**Exercise details**
Report each line of the records below that holds the word "flip".

[Collection entries]
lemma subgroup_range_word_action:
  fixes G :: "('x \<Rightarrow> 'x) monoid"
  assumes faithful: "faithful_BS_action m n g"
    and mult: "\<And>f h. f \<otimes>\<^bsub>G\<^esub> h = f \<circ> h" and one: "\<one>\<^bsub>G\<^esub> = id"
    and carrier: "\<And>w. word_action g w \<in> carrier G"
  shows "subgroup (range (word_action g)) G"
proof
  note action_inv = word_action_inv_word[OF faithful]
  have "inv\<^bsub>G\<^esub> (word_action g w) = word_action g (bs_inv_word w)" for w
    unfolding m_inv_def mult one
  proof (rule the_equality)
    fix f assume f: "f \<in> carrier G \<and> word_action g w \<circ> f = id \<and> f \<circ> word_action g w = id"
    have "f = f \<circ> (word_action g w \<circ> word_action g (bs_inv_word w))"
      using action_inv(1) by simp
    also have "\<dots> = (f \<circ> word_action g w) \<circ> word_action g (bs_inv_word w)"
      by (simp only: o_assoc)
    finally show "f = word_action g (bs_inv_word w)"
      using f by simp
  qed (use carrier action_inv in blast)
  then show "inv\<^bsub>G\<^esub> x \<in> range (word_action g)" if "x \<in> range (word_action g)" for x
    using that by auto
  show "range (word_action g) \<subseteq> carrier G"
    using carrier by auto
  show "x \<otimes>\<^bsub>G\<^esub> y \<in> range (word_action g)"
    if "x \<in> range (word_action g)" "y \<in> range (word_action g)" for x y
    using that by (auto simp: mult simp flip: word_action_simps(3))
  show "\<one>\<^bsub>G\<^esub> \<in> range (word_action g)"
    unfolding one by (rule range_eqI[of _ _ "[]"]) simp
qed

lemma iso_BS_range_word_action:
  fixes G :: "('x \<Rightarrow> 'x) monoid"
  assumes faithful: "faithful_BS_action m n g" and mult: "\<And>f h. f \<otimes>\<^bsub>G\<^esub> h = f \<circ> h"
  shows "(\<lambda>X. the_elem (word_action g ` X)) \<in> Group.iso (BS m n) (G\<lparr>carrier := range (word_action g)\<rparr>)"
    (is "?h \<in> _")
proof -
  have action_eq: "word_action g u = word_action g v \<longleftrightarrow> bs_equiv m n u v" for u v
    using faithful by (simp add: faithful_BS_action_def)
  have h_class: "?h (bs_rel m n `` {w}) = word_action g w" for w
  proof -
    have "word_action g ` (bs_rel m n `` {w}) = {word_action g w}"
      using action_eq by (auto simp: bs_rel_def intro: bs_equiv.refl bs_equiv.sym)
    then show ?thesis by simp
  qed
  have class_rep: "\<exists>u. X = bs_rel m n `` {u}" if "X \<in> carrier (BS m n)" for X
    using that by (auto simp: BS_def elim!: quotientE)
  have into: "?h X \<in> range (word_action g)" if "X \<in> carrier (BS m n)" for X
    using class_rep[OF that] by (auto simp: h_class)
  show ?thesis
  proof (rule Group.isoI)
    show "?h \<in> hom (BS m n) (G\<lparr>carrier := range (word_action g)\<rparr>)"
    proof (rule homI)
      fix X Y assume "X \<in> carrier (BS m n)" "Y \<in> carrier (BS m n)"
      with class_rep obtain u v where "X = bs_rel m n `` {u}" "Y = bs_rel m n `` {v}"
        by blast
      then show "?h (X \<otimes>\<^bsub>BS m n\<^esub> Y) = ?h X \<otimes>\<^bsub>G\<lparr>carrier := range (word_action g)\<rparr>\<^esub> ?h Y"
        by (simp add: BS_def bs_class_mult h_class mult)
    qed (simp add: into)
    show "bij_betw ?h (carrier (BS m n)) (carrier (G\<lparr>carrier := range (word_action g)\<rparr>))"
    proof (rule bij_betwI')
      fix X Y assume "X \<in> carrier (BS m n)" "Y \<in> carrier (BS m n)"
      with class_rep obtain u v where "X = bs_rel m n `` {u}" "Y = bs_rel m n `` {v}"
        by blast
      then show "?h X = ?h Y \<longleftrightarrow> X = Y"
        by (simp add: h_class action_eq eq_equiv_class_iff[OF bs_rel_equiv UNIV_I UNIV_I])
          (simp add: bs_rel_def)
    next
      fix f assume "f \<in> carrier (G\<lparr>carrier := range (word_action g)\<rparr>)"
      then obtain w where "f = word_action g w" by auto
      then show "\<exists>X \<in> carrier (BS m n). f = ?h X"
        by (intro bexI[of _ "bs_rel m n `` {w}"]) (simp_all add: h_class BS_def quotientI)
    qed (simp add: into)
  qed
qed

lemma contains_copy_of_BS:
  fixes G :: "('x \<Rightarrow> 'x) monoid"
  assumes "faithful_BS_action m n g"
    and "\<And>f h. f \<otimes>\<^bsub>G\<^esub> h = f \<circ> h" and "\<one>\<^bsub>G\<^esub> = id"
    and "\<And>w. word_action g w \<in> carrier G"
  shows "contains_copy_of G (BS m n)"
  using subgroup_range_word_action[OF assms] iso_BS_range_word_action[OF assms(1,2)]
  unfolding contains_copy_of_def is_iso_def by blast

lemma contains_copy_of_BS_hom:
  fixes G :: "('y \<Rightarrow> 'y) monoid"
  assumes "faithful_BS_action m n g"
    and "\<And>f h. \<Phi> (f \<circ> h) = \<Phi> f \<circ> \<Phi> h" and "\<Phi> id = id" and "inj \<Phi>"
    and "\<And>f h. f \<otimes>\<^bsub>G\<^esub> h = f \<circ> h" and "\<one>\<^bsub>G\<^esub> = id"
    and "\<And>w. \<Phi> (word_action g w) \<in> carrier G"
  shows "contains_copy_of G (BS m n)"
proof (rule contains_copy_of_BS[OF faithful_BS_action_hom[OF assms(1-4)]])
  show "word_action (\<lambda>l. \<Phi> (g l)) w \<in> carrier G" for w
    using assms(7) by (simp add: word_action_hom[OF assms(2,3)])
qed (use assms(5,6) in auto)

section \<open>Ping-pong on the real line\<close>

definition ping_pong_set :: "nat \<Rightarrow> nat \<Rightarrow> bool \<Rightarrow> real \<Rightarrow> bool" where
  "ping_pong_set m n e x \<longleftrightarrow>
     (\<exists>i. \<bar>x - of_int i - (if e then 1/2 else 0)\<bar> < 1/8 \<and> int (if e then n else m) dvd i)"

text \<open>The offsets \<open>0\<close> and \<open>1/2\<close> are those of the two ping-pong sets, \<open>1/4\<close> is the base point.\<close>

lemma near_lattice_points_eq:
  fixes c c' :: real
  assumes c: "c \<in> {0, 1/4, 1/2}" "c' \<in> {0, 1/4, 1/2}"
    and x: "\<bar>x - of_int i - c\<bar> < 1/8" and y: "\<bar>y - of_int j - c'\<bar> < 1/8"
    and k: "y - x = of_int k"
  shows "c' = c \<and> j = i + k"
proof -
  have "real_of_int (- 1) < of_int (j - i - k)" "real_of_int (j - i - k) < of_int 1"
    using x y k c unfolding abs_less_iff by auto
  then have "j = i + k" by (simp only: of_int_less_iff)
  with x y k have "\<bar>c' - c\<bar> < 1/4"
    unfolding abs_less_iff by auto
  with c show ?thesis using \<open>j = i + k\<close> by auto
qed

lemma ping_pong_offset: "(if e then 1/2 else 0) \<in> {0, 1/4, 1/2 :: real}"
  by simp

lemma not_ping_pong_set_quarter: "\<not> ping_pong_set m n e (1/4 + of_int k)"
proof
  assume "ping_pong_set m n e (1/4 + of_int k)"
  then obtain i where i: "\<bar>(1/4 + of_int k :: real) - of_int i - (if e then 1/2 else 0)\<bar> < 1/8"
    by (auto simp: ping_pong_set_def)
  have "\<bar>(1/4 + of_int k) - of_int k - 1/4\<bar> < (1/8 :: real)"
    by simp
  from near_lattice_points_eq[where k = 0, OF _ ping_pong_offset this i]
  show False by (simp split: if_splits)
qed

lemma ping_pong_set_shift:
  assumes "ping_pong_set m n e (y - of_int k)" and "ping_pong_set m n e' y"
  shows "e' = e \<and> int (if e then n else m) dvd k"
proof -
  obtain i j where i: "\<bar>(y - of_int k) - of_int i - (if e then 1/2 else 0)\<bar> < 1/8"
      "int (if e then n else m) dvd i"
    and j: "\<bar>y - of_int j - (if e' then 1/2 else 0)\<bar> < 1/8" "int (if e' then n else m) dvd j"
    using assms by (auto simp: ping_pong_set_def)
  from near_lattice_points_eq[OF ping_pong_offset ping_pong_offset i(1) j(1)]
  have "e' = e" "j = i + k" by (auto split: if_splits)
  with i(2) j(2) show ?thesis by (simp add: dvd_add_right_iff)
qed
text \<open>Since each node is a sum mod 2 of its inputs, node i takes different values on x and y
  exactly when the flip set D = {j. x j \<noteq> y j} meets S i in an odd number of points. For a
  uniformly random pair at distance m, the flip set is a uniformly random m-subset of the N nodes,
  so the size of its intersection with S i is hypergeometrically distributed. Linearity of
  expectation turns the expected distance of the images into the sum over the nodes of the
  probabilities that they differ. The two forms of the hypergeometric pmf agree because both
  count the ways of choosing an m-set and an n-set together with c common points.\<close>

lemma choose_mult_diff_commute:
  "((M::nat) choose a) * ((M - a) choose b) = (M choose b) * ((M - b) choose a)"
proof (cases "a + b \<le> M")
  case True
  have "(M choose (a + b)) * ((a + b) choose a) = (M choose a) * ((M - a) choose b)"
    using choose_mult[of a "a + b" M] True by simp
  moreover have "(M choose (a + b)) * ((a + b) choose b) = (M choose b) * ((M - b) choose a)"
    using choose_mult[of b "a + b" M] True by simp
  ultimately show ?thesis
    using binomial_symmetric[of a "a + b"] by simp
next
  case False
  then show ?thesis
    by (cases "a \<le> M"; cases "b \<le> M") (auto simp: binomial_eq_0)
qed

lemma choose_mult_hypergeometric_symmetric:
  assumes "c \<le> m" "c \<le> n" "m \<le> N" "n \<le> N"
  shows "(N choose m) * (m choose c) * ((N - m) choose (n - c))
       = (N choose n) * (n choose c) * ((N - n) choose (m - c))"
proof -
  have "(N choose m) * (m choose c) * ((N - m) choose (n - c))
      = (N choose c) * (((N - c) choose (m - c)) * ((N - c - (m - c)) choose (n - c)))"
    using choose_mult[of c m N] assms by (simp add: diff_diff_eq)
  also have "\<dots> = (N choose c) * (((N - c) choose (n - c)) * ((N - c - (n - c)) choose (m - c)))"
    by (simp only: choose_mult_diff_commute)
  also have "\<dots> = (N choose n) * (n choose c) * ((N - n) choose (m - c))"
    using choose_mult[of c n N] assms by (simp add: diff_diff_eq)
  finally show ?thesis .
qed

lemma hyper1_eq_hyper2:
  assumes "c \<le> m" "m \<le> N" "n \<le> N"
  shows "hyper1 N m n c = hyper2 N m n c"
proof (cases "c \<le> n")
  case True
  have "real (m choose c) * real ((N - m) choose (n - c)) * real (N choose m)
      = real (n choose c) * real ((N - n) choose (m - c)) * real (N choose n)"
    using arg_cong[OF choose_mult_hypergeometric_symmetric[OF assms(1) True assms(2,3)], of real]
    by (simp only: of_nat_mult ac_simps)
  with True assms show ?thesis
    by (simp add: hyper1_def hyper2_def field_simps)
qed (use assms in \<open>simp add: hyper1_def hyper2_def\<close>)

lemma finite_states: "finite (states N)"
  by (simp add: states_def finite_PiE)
...
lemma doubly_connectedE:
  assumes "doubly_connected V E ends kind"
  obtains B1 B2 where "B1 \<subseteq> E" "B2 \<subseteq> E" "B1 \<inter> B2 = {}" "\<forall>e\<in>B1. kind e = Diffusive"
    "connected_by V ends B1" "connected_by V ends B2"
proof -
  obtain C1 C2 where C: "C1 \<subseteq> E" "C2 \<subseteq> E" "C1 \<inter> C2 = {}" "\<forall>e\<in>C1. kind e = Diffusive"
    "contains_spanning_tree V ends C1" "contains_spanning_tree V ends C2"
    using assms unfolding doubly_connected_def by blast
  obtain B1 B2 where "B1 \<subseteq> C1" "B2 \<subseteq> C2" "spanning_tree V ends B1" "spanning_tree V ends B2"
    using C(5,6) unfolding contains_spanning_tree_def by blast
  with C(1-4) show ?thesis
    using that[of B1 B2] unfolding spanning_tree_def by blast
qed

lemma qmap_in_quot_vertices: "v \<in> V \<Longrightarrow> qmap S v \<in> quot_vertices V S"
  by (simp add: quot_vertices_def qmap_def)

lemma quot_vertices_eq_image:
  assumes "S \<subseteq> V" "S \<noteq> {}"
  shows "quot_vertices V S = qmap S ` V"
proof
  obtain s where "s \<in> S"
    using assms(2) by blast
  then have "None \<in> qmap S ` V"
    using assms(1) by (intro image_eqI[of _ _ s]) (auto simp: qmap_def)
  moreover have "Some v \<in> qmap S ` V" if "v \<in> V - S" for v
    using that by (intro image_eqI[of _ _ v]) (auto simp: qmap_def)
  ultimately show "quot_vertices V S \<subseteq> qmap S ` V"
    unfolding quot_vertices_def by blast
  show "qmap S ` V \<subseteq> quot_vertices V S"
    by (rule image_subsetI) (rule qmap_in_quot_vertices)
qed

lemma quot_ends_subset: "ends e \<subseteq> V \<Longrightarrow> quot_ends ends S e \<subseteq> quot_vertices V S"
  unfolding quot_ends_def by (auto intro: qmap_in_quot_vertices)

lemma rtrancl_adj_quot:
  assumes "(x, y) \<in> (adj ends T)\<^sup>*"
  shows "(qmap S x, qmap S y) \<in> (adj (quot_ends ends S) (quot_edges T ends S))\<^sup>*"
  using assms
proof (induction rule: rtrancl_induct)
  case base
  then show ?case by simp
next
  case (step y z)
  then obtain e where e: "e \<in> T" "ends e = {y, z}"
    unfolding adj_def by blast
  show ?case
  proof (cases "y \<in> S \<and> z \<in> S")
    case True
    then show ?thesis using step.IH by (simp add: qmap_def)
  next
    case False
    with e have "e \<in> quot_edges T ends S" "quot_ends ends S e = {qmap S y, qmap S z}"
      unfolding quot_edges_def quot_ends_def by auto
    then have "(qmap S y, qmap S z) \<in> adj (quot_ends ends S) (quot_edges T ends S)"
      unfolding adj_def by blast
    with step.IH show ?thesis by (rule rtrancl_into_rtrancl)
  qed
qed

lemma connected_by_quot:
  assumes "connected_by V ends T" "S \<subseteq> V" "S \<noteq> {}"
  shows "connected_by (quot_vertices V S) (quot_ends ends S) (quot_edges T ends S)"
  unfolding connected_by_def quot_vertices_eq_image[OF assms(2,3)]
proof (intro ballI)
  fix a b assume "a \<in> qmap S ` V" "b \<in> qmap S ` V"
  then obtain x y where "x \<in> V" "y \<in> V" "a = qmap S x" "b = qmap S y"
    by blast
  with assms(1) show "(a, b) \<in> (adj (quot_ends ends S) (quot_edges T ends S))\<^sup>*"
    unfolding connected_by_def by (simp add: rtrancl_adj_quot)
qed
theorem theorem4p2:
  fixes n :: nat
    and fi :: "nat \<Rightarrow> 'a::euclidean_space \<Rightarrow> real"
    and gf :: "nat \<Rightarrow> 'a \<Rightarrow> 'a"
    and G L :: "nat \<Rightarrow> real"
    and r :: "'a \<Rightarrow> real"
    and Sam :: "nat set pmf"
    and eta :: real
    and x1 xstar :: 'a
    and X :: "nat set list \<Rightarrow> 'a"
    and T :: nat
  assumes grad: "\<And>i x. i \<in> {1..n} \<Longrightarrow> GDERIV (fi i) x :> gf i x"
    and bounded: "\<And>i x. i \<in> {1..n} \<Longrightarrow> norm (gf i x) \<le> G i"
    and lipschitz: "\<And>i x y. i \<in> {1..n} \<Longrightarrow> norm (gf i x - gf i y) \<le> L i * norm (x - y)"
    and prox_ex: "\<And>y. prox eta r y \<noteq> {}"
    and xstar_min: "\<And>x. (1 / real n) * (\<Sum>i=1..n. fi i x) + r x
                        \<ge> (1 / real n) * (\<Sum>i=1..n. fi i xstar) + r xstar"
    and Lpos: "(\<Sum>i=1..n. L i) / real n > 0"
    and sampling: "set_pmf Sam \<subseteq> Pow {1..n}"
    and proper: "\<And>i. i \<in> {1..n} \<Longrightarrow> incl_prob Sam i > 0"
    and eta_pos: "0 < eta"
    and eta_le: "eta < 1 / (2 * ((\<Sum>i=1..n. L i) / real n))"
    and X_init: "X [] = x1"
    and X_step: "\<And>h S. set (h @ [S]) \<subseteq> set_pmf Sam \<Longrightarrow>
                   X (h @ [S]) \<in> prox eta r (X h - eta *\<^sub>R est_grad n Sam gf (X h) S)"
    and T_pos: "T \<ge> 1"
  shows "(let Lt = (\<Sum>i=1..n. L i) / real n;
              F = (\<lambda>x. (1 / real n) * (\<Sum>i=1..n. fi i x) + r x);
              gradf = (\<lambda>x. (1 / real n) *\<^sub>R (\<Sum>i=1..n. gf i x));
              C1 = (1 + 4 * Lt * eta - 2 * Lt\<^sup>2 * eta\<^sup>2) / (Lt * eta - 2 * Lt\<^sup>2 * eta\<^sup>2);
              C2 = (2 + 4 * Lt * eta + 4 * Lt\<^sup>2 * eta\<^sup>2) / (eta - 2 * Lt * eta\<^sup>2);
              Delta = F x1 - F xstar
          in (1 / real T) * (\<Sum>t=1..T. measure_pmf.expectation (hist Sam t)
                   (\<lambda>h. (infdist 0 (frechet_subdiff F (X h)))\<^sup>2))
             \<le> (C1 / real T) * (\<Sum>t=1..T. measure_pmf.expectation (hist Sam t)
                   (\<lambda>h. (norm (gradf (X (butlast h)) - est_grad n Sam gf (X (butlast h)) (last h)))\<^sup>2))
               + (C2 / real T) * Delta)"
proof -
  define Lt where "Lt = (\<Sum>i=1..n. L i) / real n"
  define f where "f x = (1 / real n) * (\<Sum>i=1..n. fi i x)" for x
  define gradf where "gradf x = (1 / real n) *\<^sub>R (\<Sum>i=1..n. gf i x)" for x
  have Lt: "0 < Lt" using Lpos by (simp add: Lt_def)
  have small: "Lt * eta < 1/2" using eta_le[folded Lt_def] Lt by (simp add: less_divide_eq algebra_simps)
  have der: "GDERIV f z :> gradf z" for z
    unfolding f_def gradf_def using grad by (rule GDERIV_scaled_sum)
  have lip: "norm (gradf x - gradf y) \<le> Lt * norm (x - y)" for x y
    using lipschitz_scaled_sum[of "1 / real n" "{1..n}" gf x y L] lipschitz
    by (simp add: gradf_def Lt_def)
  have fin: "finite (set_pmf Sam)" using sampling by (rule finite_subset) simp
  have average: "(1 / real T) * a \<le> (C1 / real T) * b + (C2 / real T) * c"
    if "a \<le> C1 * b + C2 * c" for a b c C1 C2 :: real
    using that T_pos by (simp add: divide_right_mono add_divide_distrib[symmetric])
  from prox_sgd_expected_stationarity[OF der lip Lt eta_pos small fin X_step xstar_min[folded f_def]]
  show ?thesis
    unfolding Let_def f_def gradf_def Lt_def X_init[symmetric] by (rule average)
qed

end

**Output of the exercise**
    using that by (auto simp: mult simp flip: word_action_simps(3))
  exactly when the flip set D = {j. x j \<noteq> y j} meets S i in an odd number of points. For a
  uniformly random pair at distance m, the flip set is a uniformly random m-subset of the N nodes,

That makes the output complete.